INPUT FOR THIS TASK.
==================================================

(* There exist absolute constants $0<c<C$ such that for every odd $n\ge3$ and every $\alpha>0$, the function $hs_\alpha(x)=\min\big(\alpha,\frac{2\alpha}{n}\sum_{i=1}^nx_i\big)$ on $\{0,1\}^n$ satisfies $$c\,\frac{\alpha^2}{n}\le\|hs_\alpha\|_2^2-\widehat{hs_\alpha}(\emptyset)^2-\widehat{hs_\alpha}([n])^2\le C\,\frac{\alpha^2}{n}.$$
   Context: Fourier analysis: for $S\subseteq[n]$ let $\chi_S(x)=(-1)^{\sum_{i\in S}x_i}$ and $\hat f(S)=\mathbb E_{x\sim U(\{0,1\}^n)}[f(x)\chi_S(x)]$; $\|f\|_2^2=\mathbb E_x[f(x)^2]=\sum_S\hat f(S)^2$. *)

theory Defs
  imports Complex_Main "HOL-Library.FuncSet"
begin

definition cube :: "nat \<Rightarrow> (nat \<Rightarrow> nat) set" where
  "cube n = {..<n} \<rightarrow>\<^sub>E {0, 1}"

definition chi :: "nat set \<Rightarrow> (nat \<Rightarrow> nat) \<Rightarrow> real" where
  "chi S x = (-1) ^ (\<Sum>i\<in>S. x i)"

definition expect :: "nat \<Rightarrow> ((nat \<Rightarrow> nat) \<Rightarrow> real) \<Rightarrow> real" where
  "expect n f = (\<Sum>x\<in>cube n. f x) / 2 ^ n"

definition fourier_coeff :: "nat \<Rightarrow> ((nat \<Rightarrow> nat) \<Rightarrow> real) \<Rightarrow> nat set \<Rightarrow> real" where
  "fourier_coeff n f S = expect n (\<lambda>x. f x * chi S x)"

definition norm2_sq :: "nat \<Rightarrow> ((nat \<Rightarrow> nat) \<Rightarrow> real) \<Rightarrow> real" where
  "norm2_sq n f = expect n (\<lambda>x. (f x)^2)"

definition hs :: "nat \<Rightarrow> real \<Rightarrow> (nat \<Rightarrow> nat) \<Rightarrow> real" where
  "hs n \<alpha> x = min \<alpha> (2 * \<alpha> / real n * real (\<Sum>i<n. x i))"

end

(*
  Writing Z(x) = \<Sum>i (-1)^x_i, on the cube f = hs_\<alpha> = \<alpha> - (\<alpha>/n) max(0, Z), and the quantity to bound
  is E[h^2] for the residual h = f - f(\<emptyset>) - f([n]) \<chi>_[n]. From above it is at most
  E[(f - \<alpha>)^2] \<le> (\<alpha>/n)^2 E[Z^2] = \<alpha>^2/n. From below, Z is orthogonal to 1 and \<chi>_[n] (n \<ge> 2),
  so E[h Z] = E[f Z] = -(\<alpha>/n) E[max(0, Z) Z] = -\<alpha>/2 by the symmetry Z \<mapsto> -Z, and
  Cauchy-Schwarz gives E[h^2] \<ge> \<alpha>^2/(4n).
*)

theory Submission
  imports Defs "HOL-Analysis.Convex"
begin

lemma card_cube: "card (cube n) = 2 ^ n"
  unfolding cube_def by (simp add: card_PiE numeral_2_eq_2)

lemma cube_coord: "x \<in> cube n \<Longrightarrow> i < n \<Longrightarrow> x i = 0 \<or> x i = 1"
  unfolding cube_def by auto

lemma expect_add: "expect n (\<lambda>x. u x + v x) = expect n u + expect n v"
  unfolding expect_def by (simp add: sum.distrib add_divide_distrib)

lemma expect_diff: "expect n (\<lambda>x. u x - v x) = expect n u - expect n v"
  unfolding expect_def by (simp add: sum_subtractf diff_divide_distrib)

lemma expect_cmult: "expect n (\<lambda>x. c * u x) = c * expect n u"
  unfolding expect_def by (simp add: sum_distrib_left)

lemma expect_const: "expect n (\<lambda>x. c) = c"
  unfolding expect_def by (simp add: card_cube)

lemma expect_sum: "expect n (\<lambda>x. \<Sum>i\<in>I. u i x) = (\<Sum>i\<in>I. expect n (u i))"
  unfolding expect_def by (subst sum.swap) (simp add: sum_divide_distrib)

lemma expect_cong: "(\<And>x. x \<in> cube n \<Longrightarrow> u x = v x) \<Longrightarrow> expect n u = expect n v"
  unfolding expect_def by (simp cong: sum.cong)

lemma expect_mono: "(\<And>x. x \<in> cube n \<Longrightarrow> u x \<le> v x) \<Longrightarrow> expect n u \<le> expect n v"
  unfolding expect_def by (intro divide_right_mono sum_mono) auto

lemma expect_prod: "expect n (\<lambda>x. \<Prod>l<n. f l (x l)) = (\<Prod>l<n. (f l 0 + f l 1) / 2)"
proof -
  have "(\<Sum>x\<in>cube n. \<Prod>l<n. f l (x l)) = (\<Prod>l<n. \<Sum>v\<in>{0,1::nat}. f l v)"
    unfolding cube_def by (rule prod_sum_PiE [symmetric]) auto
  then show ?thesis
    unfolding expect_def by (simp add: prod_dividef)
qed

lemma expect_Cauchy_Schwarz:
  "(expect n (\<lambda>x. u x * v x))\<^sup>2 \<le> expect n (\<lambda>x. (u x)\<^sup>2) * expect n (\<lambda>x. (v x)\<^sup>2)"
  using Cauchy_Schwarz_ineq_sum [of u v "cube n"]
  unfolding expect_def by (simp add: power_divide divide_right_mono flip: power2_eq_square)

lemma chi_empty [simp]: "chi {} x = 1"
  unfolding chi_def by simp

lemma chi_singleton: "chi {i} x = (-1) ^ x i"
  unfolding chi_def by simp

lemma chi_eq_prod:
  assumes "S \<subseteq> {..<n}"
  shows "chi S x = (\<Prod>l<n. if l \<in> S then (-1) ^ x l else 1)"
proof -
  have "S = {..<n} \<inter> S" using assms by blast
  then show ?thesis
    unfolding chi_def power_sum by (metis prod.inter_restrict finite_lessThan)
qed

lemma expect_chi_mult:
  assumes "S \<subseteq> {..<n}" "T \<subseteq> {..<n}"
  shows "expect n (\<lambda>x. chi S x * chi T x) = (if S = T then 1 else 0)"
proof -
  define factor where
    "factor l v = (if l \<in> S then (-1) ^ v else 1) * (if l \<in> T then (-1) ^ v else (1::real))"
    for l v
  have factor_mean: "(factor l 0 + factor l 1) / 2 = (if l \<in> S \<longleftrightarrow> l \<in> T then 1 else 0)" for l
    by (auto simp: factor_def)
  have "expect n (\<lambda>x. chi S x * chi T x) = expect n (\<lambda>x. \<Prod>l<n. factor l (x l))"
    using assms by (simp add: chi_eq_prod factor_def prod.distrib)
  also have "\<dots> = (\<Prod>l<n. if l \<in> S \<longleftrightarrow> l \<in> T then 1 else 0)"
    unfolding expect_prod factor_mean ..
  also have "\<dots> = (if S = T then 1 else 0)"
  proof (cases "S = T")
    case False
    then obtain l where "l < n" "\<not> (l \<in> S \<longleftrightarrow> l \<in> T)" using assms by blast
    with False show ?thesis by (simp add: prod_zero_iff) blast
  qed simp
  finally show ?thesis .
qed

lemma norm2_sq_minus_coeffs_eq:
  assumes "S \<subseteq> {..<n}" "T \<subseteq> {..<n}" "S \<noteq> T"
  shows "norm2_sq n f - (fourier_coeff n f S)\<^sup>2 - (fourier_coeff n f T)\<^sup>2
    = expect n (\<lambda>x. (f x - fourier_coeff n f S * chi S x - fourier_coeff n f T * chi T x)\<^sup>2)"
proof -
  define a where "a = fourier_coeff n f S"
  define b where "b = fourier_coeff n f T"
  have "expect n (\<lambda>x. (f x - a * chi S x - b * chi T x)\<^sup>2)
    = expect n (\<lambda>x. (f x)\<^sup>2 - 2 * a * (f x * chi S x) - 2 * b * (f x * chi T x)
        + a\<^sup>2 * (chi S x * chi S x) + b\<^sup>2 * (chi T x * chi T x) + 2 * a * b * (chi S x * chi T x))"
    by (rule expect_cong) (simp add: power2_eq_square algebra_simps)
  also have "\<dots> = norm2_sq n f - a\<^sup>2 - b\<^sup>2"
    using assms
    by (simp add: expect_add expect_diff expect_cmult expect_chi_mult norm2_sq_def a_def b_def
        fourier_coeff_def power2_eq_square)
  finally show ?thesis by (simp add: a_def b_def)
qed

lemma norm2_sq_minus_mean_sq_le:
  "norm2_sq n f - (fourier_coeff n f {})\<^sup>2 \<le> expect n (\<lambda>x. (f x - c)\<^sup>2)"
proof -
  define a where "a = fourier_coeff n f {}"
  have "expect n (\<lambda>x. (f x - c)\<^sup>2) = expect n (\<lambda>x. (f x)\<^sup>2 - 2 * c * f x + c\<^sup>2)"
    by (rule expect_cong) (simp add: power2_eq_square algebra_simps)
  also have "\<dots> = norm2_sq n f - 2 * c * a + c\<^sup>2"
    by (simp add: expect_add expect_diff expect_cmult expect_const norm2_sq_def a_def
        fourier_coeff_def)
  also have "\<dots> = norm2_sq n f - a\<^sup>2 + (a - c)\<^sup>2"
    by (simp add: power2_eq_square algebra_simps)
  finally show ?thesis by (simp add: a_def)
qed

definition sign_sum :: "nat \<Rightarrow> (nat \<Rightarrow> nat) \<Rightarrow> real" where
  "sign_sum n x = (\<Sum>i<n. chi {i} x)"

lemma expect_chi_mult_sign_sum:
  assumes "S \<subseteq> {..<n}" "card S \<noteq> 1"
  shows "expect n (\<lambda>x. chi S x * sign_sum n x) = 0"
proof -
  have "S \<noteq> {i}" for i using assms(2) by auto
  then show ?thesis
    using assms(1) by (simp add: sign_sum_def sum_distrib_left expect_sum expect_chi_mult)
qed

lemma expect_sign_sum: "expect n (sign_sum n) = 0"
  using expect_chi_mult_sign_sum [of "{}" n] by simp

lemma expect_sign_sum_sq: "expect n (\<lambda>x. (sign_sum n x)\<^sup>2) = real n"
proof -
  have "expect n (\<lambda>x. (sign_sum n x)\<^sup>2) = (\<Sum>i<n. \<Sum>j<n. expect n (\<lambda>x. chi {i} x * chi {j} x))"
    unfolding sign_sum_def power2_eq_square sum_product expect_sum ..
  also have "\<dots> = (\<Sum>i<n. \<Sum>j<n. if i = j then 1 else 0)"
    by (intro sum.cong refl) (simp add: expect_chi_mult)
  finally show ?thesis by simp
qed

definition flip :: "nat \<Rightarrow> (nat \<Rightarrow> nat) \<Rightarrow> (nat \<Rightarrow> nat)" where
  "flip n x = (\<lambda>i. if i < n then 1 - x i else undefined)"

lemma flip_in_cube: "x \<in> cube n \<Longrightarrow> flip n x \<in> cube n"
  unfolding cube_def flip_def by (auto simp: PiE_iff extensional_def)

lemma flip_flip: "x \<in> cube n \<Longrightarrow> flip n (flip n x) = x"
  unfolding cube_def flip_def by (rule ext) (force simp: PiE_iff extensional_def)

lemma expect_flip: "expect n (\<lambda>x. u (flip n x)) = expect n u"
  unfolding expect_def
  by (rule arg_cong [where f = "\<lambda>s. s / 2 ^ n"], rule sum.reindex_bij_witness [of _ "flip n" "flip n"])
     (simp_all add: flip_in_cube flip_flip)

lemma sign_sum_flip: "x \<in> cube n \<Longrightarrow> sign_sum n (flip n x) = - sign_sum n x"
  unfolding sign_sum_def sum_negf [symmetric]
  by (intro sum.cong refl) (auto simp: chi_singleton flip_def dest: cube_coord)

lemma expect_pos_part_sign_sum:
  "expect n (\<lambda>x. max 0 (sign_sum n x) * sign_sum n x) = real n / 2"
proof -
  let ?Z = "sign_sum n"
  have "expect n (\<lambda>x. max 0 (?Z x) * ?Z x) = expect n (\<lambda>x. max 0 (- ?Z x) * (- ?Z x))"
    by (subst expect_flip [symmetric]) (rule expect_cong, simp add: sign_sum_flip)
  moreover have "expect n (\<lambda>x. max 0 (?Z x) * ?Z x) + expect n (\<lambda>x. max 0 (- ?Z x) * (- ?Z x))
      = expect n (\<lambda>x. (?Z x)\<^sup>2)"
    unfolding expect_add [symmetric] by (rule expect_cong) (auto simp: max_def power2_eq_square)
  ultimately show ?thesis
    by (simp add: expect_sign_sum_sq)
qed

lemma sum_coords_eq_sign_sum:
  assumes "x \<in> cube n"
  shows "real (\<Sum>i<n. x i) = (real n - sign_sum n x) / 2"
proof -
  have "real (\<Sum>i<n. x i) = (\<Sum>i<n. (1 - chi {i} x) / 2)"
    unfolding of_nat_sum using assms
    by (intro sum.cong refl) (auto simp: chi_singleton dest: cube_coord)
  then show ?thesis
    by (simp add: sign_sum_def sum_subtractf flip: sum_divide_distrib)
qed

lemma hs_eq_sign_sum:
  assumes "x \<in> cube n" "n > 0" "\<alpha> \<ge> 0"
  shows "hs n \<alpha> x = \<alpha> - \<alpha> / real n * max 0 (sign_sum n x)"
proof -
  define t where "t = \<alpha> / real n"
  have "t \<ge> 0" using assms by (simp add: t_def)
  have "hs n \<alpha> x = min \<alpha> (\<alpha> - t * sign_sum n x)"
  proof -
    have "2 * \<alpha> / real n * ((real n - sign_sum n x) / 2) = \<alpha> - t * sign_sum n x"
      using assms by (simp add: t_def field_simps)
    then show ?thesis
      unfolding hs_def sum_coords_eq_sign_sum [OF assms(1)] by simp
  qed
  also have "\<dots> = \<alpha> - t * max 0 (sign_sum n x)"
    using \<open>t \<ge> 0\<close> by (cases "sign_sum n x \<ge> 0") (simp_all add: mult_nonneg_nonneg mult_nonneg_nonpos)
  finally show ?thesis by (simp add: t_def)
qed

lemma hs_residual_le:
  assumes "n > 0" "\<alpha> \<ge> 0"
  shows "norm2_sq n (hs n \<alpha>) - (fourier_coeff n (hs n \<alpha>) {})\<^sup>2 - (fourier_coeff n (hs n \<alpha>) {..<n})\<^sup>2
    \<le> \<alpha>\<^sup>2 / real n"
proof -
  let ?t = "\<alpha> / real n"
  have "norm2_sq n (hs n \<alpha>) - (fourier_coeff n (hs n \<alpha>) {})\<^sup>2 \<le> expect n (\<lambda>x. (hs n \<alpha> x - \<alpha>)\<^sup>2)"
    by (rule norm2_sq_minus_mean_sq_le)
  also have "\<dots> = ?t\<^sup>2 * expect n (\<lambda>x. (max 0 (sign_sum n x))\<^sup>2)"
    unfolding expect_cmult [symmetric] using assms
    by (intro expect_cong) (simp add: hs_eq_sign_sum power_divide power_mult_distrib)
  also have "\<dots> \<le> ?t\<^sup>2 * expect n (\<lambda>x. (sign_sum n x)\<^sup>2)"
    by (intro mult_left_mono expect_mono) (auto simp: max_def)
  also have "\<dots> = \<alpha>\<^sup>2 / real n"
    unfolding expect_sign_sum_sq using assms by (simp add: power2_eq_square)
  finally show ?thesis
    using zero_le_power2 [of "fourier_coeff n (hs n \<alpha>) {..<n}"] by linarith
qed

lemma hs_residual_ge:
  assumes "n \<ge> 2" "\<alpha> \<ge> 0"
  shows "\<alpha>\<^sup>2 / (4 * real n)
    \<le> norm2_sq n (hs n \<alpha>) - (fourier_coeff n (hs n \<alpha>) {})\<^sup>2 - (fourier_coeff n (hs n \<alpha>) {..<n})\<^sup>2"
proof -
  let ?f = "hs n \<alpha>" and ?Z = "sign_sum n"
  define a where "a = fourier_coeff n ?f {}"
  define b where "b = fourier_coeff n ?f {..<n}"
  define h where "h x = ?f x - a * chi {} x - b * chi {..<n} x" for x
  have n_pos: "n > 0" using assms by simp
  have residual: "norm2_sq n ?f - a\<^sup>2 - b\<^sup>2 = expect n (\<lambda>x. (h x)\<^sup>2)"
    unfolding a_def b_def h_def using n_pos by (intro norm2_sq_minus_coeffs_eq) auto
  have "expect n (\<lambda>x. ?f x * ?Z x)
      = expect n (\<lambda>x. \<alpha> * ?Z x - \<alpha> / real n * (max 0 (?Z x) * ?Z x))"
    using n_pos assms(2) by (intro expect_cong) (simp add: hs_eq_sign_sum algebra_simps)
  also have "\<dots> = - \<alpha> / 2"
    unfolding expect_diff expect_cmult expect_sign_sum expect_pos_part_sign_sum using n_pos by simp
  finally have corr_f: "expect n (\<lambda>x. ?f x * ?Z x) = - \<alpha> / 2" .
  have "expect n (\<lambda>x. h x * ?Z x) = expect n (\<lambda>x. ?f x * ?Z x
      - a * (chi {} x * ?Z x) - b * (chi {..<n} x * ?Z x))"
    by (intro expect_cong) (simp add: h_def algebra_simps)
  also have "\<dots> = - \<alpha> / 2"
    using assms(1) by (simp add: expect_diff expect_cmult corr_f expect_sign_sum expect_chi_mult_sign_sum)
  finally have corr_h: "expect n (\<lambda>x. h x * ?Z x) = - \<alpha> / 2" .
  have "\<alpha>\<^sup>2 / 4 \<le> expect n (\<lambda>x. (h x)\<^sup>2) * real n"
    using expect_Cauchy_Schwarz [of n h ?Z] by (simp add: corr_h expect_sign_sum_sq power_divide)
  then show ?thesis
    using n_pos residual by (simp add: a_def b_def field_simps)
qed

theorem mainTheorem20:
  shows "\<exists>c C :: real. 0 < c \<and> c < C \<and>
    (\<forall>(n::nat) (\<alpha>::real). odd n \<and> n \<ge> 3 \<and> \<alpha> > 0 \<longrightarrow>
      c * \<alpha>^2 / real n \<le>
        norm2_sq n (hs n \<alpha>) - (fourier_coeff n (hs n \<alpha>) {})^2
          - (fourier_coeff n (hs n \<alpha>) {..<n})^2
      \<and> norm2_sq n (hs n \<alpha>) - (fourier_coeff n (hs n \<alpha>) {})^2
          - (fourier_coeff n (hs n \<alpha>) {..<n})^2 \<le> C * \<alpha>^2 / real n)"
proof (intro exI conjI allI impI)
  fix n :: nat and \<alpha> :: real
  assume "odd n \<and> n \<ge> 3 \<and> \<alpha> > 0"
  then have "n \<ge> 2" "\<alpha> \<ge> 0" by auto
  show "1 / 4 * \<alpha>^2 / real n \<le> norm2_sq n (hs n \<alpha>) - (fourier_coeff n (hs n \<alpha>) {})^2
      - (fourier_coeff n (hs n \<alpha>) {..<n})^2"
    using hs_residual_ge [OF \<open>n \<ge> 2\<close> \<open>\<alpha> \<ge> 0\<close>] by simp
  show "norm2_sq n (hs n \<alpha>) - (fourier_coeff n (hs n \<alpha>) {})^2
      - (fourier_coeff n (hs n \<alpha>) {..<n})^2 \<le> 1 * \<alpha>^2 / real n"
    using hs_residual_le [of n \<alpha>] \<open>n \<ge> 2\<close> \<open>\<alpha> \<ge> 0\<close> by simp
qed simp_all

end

==================================================

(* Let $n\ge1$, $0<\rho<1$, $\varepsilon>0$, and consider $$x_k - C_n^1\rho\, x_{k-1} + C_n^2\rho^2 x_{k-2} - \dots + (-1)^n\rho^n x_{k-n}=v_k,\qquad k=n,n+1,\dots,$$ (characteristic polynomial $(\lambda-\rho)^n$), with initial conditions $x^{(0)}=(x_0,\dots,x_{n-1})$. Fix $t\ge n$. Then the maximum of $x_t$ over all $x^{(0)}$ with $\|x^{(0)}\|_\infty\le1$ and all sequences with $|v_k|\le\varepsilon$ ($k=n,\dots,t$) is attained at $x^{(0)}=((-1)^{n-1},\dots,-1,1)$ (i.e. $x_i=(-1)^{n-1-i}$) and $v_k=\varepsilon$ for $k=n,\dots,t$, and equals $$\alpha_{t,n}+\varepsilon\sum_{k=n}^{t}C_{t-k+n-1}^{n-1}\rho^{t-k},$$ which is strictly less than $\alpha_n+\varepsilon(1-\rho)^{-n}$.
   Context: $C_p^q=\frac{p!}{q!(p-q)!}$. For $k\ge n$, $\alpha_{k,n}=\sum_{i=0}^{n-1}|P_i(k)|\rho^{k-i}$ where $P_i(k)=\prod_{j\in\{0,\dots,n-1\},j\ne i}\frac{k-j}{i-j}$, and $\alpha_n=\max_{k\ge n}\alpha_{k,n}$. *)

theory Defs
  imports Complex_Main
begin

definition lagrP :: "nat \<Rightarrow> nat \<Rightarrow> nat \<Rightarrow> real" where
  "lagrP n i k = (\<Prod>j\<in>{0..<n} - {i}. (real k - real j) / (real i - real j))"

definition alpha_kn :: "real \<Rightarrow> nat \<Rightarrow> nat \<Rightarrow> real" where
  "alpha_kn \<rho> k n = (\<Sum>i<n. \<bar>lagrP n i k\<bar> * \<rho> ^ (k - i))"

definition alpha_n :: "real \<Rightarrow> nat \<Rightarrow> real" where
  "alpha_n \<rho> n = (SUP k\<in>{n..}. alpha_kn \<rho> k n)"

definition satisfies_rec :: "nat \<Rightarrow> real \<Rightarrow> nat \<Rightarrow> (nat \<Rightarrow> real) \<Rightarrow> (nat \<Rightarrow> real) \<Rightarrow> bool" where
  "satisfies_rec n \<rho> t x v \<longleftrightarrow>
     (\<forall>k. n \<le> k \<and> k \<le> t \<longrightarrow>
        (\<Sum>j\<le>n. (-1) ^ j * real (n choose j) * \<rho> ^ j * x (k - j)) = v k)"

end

==================================================

ACTIVITY.
Using the data above, print exactly the lines from the line that contains "x) + expect" through the line that contains "by (rule norm2_sq_minus_mean_sq_le)", with both included.

ANSWER SPACE.
  moreover have "expect n (\<lambda>x. max 0 (?Z x) * ?Z x) + expect n (\<lambda>x. max 0 (- ?Z x) * (- ?Z x))
      = expect n (\<lambda>x. (?Z x)\<^sup>2)"
    unfolding expect_add [symmetric] by (rule expect_cong) (auto simp: max_def power2_eq_square)
  ultimately show ?thesis
    by (simp add: expect_sign_sum_sq)
qed

lemma sum_coords_eq_sign_sum:
  assumes "x \<in> cube n"
  shows "real (\<Sum>i<n. x i) = (real n - sign_sum n x) / 2"
proof -
  have "real (\<Sum>i<n. x i) = (\<Sum>i<n. (1 - chi {i} x) / 2)"
    unfolding of_nat_sum using assms
    by (intro sum.cong refl) (auto simp: chi_singleton dest: cube_coord)
  then show ?thesis
    by (simp add: sign_sum_def sum_subtractf flip: sum_divide_distrib)
qed

lemma hs_eq_sign_sum:
  assumes "x \<in> cube n" "n > 0" "\<alpha> \<ge> 0"
  shows "hs n \<alpha> x = \<alpha> - \<alpha> / real n * max 0 (sign_sum n x)"
proof -
  define t where "t = \<alpha> / real n"
  have "t \<ge> 0" using assms by (simp add: t_def)
  have "hs n \<alpha> x = min \<alpha> (\<alpha> - t * sign_sum n x)"
  proof -
    have "2 * \<alpha> / real n * ((real n - sign_sum n x) / 2) = \<alpha> - t * sign_sum n x"
      using assms by (simp add: t_def field_simps)
    then show ?thesis
      unfolding hs_def sum_coords_eq_sign_sum [OF assms(1)] by simp
  qed
  also have "\<dots> = \<alpha> - t * max 0 (sign_sum n x)"
    using \<open>t \<ge> 0\<close> by (cases "sign_sum n x \<ge> 0") (simp_all add: mult_nonneg_nonneg mult_nonneg_nonpos)
  finally show ?thesis by (simp add: t_def)
qed

lemma hs_residual_le:
  assumes "n > 0" "\<alpha> \<ge> 0"
  shows "norm2_sq n (hs n \<alpha>) - (fourier_coeff n (hs n \<alpha>) {})\<^sup>2 - (fourier_coeff n (hs n \<alpha>) {..<n})\<^sup>2
    \<le> \<alpha>\<^sup>2 / real n"
proof -
  let ?t = "\<alpha> / real n"
  have "norm2_sq n (hs n \<alpha>) - (fourier_coeff n (hs n \<alpha>) {})\<^sup>2 \<le> expect n (\<lambda>x. (hs n \<alpha> x - \<alpha>)\<^sup>2)"
    by (rule norm2_sq_minus_mean_sq_le)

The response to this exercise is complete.